_Work task_:
Return each line of the listing in which the word "RepsA" appears.

-- Opening Marker --

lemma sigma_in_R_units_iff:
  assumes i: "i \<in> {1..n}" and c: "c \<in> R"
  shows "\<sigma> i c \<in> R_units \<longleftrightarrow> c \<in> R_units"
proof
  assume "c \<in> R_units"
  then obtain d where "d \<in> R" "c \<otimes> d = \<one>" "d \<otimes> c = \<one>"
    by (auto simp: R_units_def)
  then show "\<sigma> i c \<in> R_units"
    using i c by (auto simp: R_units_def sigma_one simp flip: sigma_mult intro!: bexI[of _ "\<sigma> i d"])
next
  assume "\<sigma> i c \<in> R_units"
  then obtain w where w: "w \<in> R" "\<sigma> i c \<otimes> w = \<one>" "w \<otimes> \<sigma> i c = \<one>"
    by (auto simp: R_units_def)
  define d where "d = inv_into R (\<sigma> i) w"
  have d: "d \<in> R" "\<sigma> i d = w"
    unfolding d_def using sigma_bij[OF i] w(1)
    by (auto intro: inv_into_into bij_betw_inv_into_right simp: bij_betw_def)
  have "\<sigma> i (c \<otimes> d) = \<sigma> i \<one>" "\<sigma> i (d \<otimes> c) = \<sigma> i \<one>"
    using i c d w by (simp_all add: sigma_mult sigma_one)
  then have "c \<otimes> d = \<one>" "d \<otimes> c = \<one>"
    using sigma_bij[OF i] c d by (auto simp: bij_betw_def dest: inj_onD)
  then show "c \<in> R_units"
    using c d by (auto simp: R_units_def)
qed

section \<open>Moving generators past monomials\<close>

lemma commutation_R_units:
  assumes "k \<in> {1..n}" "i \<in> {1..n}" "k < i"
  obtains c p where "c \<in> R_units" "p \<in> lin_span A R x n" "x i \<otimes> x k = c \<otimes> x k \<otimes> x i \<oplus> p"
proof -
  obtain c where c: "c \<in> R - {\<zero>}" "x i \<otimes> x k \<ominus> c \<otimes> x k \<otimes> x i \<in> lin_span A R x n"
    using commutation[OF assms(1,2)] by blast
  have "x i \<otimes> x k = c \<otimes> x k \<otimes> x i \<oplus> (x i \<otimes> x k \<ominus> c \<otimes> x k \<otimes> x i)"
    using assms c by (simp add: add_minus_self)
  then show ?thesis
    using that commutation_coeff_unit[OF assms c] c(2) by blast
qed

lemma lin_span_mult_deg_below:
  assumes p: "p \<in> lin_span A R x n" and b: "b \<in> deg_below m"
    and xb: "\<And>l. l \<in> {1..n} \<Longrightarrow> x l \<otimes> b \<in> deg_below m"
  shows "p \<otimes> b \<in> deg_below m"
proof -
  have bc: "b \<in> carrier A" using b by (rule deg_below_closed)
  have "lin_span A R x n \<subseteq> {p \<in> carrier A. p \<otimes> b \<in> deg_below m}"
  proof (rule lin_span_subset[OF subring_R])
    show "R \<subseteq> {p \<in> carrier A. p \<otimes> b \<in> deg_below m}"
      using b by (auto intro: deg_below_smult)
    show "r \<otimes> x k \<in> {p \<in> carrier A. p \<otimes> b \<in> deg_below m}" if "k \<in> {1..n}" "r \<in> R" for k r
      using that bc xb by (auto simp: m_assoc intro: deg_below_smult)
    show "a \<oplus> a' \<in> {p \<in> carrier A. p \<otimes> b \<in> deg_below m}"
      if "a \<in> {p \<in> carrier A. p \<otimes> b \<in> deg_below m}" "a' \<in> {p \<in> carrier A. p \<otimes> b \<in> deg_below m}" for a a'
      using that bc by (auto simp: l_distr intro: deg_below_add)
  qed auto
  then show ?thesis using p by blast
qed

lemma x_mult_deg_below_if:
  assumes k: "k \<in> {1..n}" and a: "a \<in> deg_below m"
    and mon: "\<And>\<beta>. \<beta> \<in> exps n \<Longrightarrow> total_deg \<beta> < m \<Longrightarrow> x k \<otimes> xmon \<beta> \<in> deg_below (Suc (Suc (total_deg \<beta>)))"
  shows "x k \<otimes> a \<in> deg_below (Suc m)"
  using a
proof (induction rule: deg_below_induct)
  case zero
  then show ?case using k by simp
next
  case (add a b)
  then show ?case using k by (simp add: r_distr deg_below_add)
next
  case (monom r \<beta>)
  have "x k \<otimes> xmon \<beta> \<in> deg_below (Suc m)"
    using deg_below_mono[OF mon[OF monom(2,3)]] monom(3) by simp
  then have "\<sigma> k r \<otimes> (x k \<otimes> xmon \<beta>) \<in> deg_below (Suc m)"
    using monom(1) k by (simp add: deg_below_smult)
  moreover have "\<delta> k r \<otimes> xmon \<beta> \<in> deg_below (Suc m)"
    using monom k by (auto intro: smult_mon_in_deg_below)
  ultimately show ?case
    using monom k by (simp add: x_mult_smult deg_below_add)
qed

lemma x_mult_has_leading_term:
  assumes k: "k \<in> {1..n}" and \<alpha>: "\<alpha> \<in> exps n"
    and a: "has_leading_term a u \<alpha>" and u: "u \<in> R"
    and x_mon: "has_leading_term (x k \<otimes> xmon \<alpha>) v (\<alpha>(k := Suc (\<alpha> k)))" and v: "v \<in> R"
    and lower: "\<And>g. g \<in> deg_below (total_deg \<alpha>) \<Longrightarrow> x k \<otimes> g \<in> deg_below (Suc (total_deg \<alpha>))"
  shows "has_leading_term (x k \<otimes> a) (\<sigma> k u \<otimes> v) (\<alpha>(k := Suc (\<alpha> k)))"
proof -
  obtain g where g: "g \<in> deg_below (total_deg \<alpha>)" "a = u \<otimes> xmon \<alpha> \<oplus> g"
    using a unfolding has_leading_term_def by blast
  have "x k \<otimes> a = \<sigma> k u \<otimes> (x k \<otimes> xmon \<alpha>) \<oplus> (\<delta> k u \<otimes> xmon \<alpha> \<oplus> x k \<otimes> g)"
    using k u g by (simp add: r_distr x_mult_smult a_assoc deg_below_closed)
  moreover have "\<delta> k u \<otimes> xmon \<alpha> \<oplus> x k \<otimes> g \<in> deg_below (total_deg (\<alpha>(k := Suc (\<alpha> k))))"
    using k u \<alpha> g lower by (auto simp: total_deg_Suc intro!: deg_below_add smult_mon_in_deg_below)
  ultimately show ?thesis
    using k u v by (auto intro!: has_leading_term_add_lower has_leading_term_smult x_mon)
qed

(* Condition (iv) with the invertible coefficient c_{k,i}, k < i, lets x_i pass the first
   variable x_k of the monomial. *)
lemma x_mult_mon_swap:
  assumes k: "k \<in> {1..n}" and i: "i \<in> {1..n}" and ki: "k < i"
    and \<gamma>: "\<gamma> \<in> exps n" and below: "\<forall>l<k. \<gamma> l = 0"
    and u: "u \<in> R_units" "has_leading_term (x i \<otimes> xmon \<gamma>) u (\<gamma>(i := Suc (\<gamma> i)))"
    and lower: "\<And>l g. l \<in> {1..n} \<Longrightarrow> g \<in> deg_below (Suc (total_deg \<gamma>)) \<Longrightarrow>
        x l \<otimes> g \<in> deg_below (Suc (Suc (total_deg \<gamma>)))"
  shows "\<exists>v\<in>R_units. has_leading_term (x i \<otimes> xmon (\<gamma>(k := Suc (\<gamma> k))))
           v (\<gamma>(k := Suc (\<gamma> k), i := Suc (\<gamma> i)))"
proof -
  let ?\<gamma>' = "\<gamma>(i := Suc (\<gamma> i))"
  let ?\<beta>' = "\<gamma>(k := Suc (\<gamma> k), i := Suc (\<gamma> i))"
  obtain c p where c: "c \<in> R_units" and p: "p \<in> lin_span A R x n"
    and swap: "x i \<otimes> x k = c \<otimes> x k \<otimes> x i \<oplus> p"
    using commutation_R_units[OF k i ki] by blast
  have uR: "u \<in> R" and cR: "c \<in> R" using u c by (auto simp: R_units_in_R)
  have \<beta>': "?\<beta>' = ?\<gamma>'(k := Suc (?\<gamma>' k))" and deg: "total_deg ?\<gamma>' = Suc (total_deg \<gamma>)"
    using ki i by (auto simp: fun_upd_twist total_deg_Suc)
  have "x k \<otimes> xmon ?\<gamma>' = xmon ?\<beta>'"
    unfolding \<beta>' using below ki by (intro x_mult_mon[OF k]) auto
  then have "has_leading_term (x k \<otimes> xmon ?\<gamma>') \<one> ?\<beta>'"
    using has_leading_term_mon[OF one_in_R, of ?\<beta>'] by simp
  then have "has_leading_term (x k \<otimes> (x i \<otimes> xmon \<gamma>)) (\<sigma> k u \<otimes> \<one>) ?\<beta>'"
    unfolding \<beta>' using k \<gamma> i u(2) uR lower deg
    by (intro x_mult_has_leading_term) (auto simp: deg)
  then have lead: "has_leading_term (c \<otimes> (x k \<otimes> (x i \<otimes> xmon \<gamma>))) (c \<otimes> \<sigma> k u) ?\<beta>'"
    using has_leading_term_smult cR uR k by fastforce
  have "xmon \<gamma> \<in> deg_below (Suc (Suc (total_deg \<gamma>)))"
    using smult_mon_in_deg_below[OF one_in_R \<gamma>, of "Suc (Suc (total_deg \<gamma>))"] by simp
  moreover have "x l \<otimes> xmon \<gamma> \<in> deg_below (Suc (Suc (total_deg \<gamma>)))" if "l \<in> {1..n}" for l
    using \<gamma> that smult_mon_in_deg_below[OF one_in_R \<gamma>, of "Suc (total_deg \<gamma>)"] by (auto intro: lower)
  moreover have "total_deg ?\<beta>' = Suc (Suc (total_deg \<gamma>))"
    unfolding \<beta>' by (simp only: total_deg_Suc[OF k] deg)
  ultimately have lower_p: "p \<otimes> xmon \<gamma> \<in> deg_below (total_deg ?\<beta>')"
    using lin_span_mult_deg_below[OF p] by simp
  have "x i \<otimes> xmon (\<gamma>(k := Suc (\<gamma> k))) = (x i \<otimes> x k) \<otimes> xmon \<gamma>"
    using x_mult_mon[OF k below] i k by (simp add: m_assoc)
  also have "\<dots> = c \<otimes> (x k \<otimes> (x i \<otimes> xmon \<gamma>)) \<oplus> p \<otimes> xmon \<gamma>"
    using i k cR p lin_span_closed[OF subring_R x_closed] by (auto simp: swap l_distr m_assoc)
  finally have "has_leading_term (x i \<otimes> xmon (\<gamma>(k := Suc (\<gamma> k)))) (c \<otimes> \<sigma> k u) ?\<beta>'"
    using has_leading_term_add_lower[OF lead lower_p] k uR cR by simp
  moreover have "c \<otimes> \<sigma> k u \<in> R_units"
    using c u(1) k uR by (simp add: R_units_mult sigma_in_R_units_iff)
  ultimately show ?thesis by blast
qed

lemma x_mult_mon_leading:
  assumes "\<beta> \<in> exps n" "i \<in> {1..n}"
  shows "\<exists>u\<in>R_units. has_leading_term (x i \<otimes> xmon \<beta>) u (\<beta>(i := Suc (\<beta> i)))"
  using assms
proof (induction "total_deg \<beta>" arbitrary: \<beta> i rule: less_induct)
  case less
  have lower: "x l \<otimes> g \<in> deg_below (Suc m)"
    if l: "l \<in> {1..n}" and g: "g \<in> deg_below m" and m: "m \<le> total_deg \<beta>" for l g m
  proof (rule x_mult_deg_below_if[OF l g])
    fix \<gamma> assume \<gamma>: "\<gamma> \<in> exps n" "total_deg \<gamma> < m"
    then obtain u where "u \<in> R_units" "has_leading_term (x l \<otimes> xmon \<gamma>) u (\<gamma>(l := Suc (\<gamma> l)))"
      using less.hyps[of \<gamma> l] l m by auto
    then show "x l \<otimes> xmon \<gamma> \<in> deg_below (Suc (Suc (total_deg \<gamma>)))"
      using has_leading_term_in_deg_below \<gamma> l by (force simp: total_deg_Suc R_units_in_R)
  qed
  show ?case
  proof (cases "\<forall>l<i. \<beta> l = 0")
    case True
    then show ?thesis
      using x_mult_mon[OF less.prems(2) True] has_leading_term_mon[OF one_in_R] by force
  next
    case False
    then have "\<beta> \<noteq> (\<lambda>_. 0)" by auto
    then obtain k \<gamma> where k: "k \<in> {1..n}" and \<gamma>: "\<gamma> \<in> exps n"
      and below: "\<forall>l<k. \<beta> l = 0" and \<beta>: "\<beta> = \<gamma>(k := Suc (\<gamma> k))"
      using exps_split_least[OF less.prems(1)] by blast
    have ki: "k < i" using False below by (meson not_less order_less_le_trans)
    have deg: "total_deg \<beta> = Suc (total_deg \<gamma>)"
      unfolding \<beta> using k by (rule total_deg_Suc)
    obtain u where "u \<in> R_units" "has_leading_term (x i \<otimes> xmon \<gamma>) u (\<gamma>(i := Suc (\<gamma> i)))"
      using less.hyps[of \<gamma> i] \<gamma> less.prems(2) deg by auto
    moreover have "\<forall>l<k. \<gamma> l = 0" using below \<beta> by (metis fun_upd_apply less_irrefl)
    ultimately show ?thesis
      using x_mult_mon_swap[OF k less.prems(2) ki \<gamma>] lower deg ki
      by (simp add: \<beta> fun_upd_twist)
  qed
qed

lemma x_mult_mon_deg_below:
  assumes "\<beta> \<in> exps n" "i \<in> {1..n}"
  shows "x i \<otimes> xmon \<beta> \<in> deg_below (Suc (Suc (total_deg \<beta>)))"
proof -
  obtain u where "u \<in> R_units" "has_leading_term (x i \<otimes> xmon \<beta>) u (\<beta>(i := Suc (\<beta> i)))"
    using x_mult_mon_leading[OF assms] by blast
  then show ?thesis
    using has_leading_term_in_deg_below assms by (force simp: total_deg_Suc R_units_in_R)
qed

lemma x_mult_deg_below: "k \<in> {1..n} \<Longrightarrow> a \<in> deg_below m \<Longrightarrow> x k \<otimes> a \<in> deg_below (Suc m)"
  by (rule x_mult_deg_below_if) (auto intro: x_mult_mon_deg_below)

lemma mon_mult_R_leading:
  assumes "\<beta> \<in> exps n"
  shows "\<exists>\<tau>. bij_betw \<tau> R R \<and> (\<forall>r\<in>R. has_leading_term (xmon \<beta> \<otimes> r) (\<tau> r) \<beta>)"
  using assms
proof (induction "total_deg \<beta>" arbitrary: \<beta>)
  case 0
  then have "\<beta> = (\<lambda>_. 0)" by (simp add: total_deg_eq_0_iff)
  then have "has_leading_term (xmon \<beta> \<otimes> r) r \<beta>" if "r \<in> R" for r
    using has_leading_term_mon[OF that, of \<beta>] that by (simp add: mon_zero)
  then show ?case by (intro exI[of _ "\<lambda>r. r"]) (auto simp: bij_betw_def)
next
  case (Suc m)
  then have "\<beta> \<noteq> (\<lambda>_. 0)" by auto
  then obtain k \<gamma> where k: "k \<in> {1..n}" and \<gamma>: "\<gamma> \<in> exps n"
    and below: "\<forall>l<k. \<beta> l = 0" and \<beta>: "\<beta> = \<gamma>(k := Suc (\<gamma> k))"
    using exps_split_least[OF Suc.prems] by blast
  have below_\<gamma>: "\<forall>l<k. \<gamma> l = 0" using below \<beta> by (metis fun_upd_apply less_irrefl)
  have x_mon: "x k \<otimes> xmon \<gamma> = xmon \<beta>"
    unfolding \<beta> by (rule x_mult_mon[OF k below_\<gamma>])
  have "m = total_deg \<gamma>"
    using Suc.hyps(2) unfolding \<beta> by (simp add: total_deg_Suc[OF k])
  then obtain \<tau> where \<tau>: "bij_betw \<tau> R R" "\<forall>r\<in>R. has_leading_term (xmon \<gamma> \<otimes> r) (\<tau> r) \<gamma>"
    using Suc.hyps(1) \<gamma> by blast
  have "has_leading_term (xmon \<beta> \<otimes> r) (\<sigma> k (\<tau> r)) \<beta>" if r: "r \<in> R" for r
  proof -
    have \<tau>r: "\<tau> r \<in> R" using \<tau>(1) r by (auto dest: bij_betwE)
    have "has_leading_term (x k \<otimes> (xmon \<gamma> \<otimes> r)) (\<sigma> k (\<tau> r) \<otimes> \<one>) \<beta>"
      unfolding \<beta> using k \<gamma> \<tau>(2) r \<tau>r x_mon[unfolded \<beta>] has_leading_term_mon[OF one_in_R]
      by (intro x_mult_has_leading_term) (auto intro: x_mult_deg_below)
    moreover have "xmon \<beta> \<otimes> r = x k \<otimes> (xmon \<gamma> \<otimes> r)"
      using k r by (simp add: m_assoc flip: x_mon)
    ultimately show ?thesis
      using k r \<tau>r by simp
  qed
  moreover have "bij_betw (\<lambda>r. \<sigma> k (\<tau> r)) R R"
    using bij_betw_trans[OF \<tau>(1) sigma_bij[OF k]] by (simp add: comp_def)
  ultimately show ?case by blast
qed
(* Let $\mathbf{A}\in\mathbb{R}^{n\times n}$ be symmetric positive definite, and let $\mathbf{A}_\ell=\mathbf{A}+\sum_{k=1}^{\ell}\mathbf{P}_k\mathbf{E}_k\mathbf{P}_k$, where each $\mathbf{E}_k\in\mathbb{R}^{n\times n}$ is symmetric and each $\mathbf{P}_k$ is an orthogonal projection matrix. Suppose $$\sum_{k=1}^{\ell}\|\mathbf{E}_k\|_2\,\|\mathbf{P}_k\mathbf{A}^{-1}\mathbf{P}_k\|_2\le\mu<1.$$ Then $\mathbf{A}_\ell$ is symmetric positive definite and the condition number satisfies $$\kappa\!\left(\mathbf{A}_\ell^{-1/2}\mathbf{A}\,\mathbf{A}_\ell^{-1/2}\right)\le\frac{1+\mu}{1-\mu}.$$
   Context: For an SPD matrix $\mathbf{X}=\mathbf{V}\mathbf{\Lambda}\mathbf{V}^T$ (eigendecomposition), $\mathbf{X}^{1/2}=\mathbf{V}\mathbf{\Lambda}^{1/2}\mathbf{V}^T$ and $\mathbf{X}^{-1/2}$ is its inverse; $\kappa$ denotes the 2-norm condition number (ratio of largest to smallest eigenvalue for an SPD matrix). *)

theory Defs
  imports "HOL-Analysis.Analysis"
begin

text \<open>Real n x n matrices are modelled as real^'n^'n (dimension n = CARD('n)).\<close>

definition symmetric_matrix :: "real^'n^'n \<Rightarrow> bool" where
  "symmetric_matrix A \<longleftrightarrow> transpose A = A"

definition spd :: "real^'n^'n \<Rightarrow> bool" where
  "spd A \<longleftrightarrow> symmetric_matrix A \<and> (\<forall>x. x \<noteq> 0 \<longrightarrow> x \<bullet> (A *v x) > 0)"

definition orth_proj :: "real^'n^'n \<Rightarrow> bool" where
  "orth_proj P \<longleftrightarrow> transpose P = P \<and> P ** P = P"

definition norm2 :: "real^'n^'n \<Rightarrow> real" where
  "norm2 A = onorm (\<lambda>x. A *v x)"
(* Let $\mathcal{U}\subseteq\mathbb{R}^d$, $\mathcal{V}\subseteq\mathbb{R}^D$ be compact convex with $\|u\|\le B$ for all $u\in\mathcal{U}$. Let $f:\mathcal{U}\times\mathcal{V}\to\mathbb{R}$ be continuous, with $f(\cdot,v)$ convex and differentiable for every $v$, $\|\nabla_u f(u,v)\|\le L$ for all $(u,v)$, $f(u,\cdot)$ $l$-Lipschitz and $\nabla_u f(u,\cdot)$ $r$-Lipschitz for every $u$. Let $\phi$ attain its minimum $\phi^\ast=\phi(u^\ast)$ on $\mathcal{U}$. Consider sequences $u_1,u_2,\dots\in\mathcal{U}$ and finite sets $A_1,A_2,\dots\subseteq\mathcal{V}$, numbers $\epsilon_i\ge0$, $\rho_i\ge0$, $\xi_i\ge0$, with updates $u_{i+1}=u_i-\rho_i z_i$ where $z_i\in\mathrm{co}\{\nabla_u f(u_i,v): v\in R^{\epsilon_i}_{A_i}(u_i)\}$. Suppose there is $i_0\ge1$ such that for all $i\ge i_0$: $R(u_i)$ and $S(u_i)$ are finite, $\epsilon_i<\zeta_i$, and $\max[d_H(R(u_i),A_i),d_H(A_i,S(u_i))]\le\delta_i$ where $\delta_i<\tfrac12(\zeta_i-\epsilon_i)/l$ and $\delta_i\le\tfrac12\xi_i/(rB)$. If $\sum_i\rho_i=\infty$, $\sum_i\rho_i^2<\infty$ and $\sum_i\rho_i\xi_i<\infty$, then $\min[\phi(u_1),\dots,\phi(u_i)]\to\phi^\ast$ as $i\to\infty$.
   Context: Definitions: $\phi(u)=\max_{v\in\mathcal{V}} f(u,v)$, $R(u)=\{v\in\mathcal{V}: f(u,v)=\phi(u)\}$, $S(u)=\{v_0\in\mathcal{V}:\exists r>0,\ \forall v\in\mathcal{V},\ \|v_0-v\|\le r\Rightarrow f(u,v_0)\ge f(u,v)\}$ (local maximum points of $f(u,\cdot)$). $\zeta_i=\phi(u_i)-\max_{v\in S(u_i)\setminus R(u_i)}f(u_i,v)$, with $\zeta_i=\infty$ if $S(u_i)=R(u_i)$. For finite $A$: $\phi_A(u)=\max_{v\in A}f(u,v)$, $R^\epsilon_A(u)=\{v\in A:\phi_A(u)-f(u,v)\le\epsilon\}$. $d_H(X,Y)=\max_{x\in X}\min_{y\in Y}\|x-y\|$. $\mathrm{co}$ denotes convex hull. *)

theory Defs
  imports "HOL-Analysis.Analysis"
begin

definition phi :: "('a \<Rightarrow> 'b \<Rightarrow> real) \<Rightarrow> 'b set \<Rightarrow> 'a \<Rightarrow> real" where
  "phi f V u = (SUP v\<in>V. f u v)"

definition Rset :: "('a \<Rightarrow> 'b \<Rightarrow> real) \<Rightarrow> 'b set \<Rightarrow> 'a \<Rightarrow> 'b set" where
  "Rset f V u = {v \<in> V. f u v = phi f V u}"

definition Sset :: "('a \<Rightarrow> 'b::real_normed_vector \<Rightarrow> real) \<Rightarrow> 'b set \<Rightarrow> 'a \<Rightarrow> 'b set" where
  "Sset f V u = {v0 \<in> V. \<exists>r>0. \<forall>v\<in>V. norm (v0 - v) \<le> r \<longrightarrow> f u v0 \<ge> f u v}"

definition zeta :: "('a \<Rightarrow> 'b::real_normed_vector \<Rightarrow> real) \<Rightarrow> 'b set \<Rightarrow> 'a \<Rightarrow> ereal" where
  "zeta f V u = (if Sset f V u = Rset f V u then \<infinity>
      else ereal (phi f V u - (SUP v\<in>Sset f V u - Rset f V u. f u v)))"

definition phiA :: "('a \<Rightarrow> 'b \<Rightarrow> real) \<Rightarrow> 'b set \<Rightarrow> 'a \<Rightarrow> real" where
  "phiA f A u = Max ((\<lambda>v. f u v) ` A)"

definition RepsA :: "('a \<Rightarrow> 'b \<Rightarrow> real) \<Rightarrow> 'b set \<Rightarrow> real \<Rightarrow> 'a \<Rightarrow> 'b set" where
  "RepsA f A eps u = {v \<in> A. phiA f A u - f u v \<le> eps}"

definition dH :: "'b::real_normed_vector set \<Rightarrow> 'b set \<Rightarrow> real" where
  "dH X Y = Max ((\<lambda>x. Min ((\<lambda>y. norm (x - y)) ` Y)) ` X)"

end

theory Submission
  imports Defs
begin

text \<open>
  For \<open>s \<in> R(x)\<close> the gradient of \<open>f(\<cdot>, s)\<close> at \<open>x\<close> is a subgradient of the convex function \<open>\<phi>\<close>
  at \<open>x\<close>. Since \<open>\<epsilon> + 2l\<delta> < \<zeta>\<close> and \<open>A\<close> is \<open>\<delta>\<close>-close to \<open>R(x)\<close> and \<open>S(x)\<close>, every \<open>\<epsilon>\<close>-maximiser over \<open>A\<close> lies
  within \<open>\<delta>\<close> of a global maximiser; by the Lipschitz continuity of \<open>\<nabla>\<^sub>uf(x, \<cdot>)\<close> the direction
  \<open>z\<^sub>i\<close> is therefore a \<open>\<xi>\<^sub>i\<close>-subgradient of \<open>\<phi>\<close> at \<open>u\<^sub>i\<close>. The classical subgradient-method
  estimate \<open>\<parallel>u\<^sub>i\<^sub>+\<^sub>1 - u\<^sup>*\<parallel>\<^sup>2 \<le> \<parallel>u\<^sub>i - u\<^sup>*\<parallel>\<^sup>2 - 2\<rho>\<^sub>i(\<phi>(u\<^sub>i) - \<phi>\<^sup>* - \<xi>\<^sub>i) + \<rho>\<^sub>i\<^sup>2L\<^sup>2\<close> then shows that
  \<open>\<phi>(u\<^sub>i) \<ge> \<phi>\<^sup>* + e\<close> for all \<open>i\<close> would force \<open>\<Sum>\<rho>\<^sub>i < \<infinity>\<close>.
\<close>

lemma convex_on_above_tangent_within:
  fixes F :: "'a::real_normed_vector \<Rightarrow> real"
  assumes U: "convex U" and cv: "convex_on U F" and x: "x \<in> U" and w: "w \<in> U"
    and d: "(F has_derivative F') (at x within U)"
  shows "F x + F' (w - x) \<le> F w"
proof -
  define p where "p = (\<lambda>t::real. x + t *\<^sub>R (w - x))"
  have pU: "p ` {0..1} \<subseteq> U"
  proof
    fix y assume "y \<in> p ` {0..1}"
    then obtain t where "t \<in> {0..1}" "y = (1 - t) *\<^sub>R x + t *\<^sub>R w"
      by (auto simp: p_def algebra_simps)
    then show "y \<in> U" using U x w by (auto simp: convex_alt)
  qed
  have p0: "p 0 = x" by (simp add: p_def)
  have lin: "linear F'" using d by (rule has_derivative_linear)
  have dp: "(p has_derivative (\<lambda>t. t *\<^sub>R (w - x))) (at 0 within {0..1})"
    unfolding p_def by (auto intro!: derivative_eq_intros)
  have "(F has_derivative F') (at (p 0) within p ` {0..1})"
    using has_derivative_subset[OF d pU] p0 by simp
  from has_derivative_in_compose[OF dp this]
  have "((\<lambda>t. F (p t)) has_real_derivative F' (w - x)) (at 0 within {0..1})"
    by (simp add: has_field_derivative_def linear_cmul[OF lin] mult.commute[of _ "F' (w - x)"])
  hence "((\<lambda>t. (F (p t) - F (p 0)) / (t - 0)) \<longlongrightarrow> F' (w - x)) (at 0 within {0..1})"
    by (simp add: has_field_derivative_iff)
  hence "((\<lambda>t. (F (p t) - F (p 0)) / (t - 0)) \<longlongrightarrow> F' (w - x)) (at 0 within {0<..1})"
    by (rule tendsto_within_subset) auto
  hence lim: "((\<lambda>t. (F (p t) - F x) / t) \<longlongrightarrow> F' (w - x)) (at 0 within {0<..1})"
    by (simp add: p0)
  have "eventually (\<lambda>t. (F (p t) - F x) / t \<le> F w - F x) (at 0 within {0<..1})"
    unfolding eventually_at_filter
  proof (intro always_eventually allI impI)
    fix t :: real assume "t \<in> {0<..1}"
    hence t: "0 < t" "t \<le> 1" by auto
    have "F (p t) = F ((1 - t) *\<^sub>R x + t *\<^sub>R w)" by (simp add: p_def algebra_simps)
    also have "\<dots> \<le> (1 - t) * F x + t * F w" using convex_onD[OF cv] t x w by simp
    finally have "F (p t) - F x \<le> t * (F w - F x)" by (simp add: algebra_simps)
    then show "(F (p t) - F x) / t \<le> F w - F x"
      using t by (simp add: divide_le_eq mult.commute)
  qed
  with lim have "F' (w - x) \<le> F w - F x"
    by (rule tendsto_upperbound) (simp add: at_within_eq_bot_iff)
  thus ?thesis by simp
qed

-- Closing Marker --

_Completed exercise_:
definition RepsA :: "('a \<Rightarrow> 'b \<Rightarrow> real) \<Rightarrow> 'b set \<Rightarrow> real \<Rightarrow> 'a \<Rightarrow> 'b set" where
  "RepsA f A eps u = {v \<in> A. phiA f A u - f u v \<le> eps}"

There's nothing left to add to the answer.